She runs a finger over his figure. Woody had looked so young then. "Fresh faced" and "scrubbed, wet behind the ears" Max had told her, with a chuckle. Nigel had teased her about having a new boyfriend and she'd always parried with the comment that she had to go or she'd be late for cheerleading practice. Lily had been Lily – accepting and open to someone new, excited by the possibilities of new friendship. Garret – well, Garret had usually just given his head a shake or two, as if wondering how long it would be before the big city ate up the small town boy.

And Jordan herself? She sighs softly. She'd figured the big city would eat up the small town boy quickly, too, but she'd underestimated him. She'd thought his life was too simple, both past and present, for him ever to fit in. She wishes time had proven her wrong. She wishes it had never gotten complicated, that she'd told him how she felt after that desert kiss instead of pretending it had been nothing, a mere satisfaction of a normal curiosity.

She frowns at the yellowing paper, her mind drifting past all the moments when it could have changed, when the complications could have been thrust aside and the simple fact they needed and wanted each other could have been acknowledged. Most of all she thinks of the night at the Lucy Carver Inn, the way he had touched her, the feel of his mouth on hers, his lips brushing the cup of her ear as they worked their way down to her neck and collarbone.
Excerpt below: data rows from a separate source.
lemma swap_on_permutes:
  assumes "inj_on h S" and "S \<inter> h ` S = {}" and "S \<union> h ` S \<subseteq> T"
  shows "swap_on S h permutes T"
  unfolding permutes_def
proof (intro conjI allI impI)
  show "swap_on S h x = x" if "x \<notin> T" for x
    using that assms(3) by (auto simp: swap_on_def)
  show "\<exists>!x. swap_on S h x = y" for y
    using swap_on_involution[OF assms(1,2)] by metis
qed

lemma swap_on_comp_swap_on:
  assumes g: "inj_on g C" and f: "f ` B = C" and disj: "(B \<union> C) \<inter> g ` C = {}"
  shows "x \<in> B \<Longrightarrow> (swap_on C g \<circ> swap_on B (g \<circ> f)) x = f x"
    and "x \<notin> B \<union> C \<union> g ` C \<Longrightarrow> (swap_on C g \<circ> swap_on B (g \<circ> f)) x = x"
proof -
  assume "x \<in> B"
  then have "f x \<in> C" and "g (f x) \<notin> C"
    using f disj by auto
  then show "(swap_on C g \<circ> swap_on B (g \<circ> f)) x = f x"
    using \<open>x \<in> B\<close> g by (simp add: swap_on_def the_inv_into_f_f)
next
  assume "x \<notin> B \<union> C \<union> g ` C"
  moreover have "(g \<circ> f) ` B = g ` C"
    using f by (metis image_comp)
  ultimately show "(swap_on C g \<circ> swap_on B (g \<circ> f)) x = x"
    by (simp add: swap_on_def)
qed

context zfcu_model
begin

lemma act_in_function:
  assumes "bij_in mem ur p D D"
  shows "\<exists>\<pi>. \<forall>x y. act_in mem ur p D x y \<longleftrightarrow> \<pi> x = y"
proof -
  have "\<exists>!y. act_in mem ur p D x y" for x
  proof (cases "mem x D")
    case True
    then have "\<exists>!y. rel p x y"
      using assms unfolding bij_in_def by blast
    then show ?thesis
      using True unfolding act_in_def by simp
  qed (simp add: act_in_def)
  then have "act_in mem ur p D x y \<longleftrightarrow> (THE y. act_in mem ur p D x y) = y" for x y
    by (metis the1_equality theI')
  then show ?thesis
    by (intro exI[of _ "\<lambda>x. THE y. act_in mem ur p D x y"]) blast
qed
lemma mem_quot_pos_inter_neg_iff:
  "C \<in> quot_pos I m J \<inter> quot_neg (quot_pos I m J) \<longleftrightarrow>
     (\<exists>p q. p \<in> ga_cone I m \<and> q \<in> ga_cone I m \<and> ga_add p q \<in> J \<and> C = ga_coset J p)"
proof -
  have coset_eq_neg: "ga_coset J p = ga_coset J (ga_smult (-1) q) \<longleftrightarrow> ga_add p q \<in> J" for p q
  proof
    assume "ga_coset J p = ga_coset J (ga_smult (-1) q)"
    then obtain y where "y \<in> J" "p = ga_add (ga_smult (-1) q) y"
      using mem_coset_self[of p] by (auto simp: ga_coset_def)
    moreover have "ga_add (ga_add (ga_smult (-1) q) y) q = y"
      by (simp add: ga_add_def ga_smult_def fun_eq_iff)
    ultimately show "ga_add p q \<in> J" by simp
  next
    assume "ga_add p q \<in> J"
    moreover have "ga_add p (ga_smult (-1) (ga_smult (-1) q)) = ga_add p q"
      by (simp add: ga_add_def ga_smult_def fun_eq_iff)
    ultimately show "ga_coset J p = ga_coset J (ga_smult (-1) q)" by (simp add: coset_eq_coset)
  qed
  have neg_iff: "C \<in> quot_neg (quot_pos I m J) \<longleftrightarrow> (\<exists>q. q \<in> ga_cone I m \<and> C = ga_coset J (ga_smult (-1) q))"
  proof -
    have "C \<in> quot_neg (quot_pos I m J) \<longleftrightarrow>
          (\<exists>q. q \<in> ga_cone I m \<and> C = (\<lambda>z. ga_smult (-1) z) ` ga_coset J q)"
      unfolding quot_pos_def quot_neg_def by blast
    then show ?thesis by (simp add: uminus_image_coset)
  qed
  show ?thesis
  proof
    assume "C \<in> quot_pos I m J \<inter> quot_neg (quot_pos I m J)"
    then obtain p q where "p \<in> ga_cone I m" "q \<in> ga_cone I m" "C = ga_coset J p"
      "C = ga_coset J (ga_smult (-1) q)"
      using neg_iff by (auto simp: quot_pos_def)
    then show "\<exists>p q. p \<in> ga_cone I m \<and> q \<in> ga_cone I m \<and> ga_add p q \<in> J \<and> C = ga_coset J p"
      using coset_eq_neg by blast
  next
    assume "\<exists>p q. p \<in> ga_cone I m \<and> q \<in> ga_cone I m \<and> ga_add p q \<in> J \<and> C = ga_coset J p"
    then show "C \<in> quot_pos I m J \<inter> quot_neg (quot_pos I m J)"
      using neg_iff coset_eq_neg by (auto simp: quot_pos_def)
  qed
qed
She flushes at the memory of his hands undressing her with an aching slowness, first her boots, then gently, slowly, her jeans. She'd wanted to shimmy out of them, but he'd done it in his own time, pulling them off her, her heightened senses intensely aware of the texture of the denim as it slid over her skin, even more intensely aware of the delicious feel of his hands caressing her bare legs, moving ever upward.
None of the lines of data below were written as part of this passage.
(* Let $S$ be a $1$-synchronizable system. Let $\tau\in T_0(S)$ and $a_1,\dots,a_n\in\Sigma_M$ be such that $\tau\cdot !a_1\cdots !a_n\in T_n(S)$ and $\mathrm{src}(a_i)=\mathrm{src}(a_j)$ for all $i,j\in\{1,\dots,n\}$. Then $\tau\cdot !?a_1\cdots !?a_n\in T_0(S)$.
   Context: A message set $M=(\Sigma_M,N,\mathrm{src},\mathrm{dst})$: finite set of messages, $N\ge1$ peers, $\mathrm{src}(a)\neq\mathrm{dst}(a)\in\{1,\dots,N\}$. Actions $!a$ (by peer $\mathrm{src}(a)$), $?a$ (by peer $\mathrm{dst}(a)$); traces are finite action sequences; $!?a$ abbreviates $!a\cdot?a$. For a trace $\tau$, $\pi_!(\tau)$ is the sequence of sent messages; $\mathrm{buf}_{i\to j}(\tau)$ is the word $w$ (if any) with (sent on $i\to j$) $=$ (received on $i\to j$)$\cdot w$. $\tau$ is FIFO ($k$-bounded FIFO) if for all $i,j$ and prefixes $\tau'$, $\mathrm{buf}_{i\to j}(\tau')$ is defined (and has length $\le k$); synchronous if of the form $!?a_1\cdots!?a_k$. A system $S=(P_1,\dots,P_N)$: finite automata $P_i$ (all states accepting) over actions of peer $i$, with one FIFO channel per ordered pair $i\neq j$. A configuration: one control state per peer and contents $w_{i,j}$ of channels; stable if all channels empty. $!a$ ($\mathrm{src}(a)=i,\mathrm{dst}(a)=j$) moves $P_i$ and appends $a$ to $w_{i,j}$; $?a$ moves $P_j$ and removes $a$ from the head of $w_{i,j}$; $c_0$ is the initial configuration. $T_k(S)$ ($k\ge1$): $k$-bounded FIFO traces $\tau$ with $c_0\xrightarrow{\tau}c$ for some $c$; $T_0(S)$: synchronous such traces; $T_\omega(S)=\bigcup_kT_k(S)$. $ST_k(S)=\{\pi_!(\tau)\mid\tau\in T_k(S)\}\cup\{(\pi_!(\tau),c)\mid c_0\xrightarrow{\tau}c,\ c\text{ stable},\ \tau\in T_k(S)\}$; $S$ is $1$-synchronizable if $ST_0(S)=ST_1(S)$. (Here $n$ in the claim denotes a number of messages, not the number of peers.) *)

theory Defs
  imports Main "HOL-Library.Sublist"
begin

datatype 'm act = Send 'm | Recv 'm

definition message_set :: "'m set \<Rightarrow> nat \<Rightarrow> ('m \<Rightarrow> nat) \<Rightarrow> ('m \<Rightarrow> nat) \<Rightarrow> bool" where
  "message_set Msgs N src dst \<longleftrightarrow> finite Msgs \<and> N \<ge> 1 \<and>
     (\<forall>a\<in>Msgs. src a \<noteq> dst a \<and> src a \<in> {1..N} \<and> dst a \<in> {1..N})"

definition actor :: "('m \<Rightarrow> nat) \<Rightarrow> ('m \<Rightarrow> nat) \<Rightarrow> 'm act \<Rightarrow> nat" where
  "actor src dst x = (case x of Send a \<Rightarrow> src a | Recv a \<Rightarrow> dst a)"

definition msg_of :: "'m act \<Rightarrow> 'm" where
  "msg_of x = (case x of Send a \<Rightarrow> a | Recv a \<Rightarrow> a)"

(* A system S = (P_1,...,P_N): peer i is a finite automaton with state set Q i,
   initial state q0 i and transition relation delta i over actions of peer i
   (all states accepting). *)
definition system ::
  "'m set \<Rightarrow> nat \<Rightarrow> ('m \<Rightarrow> nat) \<Rightarrow> ('m \<Rightarrow> nat) \<Rightarrow>
   (nat \<Rightarrow> 's set) \<Rightarrow> (nat \<Rightarrow> 's) \<Rightarrow> (nat \<Rightarrow> ('s \<times> 'm act \<times> 's) set) \<Rightarrow> bool" where
  "system Msgs N src dst Q q0 delta \<longleftrightarrow> message_set Msgs N src dst \<and>
     (\<forall>i. delta i \<noteq> {} \<longrightarrow> i \<in> {1..N}) \<and>
     (\<forall>i\<in>{1..N}. finite (Q i) \<and> q0 i \<in> Q i \<and>
        (\<forall>(q, x, q') \<in> delta i. q \<in> Q i \<and> q' \<in> Q i \<and> msg_of x \<in> Msgs \<and> actor src dst x = i))"

(* Configurations: control state of each peer, and contents w i j of channel i -> j *)
type_synonym ('s, 'm) config = "(nat \<Rightarrow> 's) \<times> (nat \<Rightarrow> nat \<Rightarrow> 'm list)"

definition init_config :: "(nat \<Rightarrow> 's) \<Rightarrow> ('s, 'm) config" where
  "init_config q0 = (q0, \<lambda>i j. [])"

definition stable :: "nat \<Rightarrow> ('s, 'm) config \<Rightarrow> bool" where
  "stable N c \<longleftrightarrow> (\<forall>i\<in>{1..N}. \<forall>j\<in>{1..N}. i \<noteq> j \<longrightarrow> snd c i j = [])"

inductive step ::
  "('m \<Rightarrow> nat) \<Rightarrow> ('m \<Rightarrow> nat) \<Rightarrow> (nat \<Rightarrow> ('s \<times> 'm act \<times> 's) set) \<Rightarrow>
   ('s, 'm) config \<Rightarrow> 'm act \<Rightarrow> ('s, 'm) config \<Rightarrow> bool"
  for src dst delta where
  send: "(st (src a), Send a, q') \<in> delta (src a) \<Longrightarrow>
    step src dst delta (st, w) (Send a)
      (st(src a := q'), w(src a := (w (src a))(dst a := w (src a) (dst a) @ [a])))"
| recv: "(st (dst a), Recv a, q') \<in> delta (dst a) \<Longrightarrow> w (src a) (dst a) = a # u \<Longrightarrow>
    step src dst delta (st, w) (Recv a)
      (st(dst a := q'), w(src a := (w (src a))(dst a := u)))"

inductive run ::
  "('m \<Rightarrow> nat) \<Rightarrow> ('m \<Rightarrow> nat) \<Rightarrow> (nat \<Rightarrow> ('s \<times> 'm act \<times> 's) set) \<Rightarrow>
   ('s, 'm) config \<Rightarrow> 'm act list \<Rightarrow> ('s, 'm) config \<Rightarrow> bool"
  for src dst delta where
  run_nil: "run src dst delta c [] c"
| run_cons: "step src dst delta c x c' \<Longrightarrow> run src dst delta c' t c'' \<Longrightarrow>
    run src dst delta c (x # t) c''"

fun sends :: "'m act list \<Rightarrow> 'm list" where
  "sends [] = []"
| "sends (Send a # t) = a # sends t"
| "sends (Recv a # t) = sends t"

fun recvs :: "'m act list \<Rightarrow> 'm list" where
  "recvs [] = []"
| "recvs (Recv a # t) = a # recvs t"
| "recvs (Send a # t) = recvs t"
By the time they were both unclothed he'd nearly driven her insane with anticipation. She shudders as her body recalls the way he felt, thrusting into her, stilling, holding her as she quaked around him, that first intimate contact enough to enrapture her. She remembers with perfect clarity not only how his body felt within hers, how he fit into her as though they had been fashioned for each other, but how she felt a spark of something she'd never felt before, how she'd felt as though they might never need words again, that somehow their souls truly were connected in that instant. She remembers and pales with shame at how frightened that had left her, how she had wanted to run back to Pollack because, while she cared for him, she would never feel that way about him.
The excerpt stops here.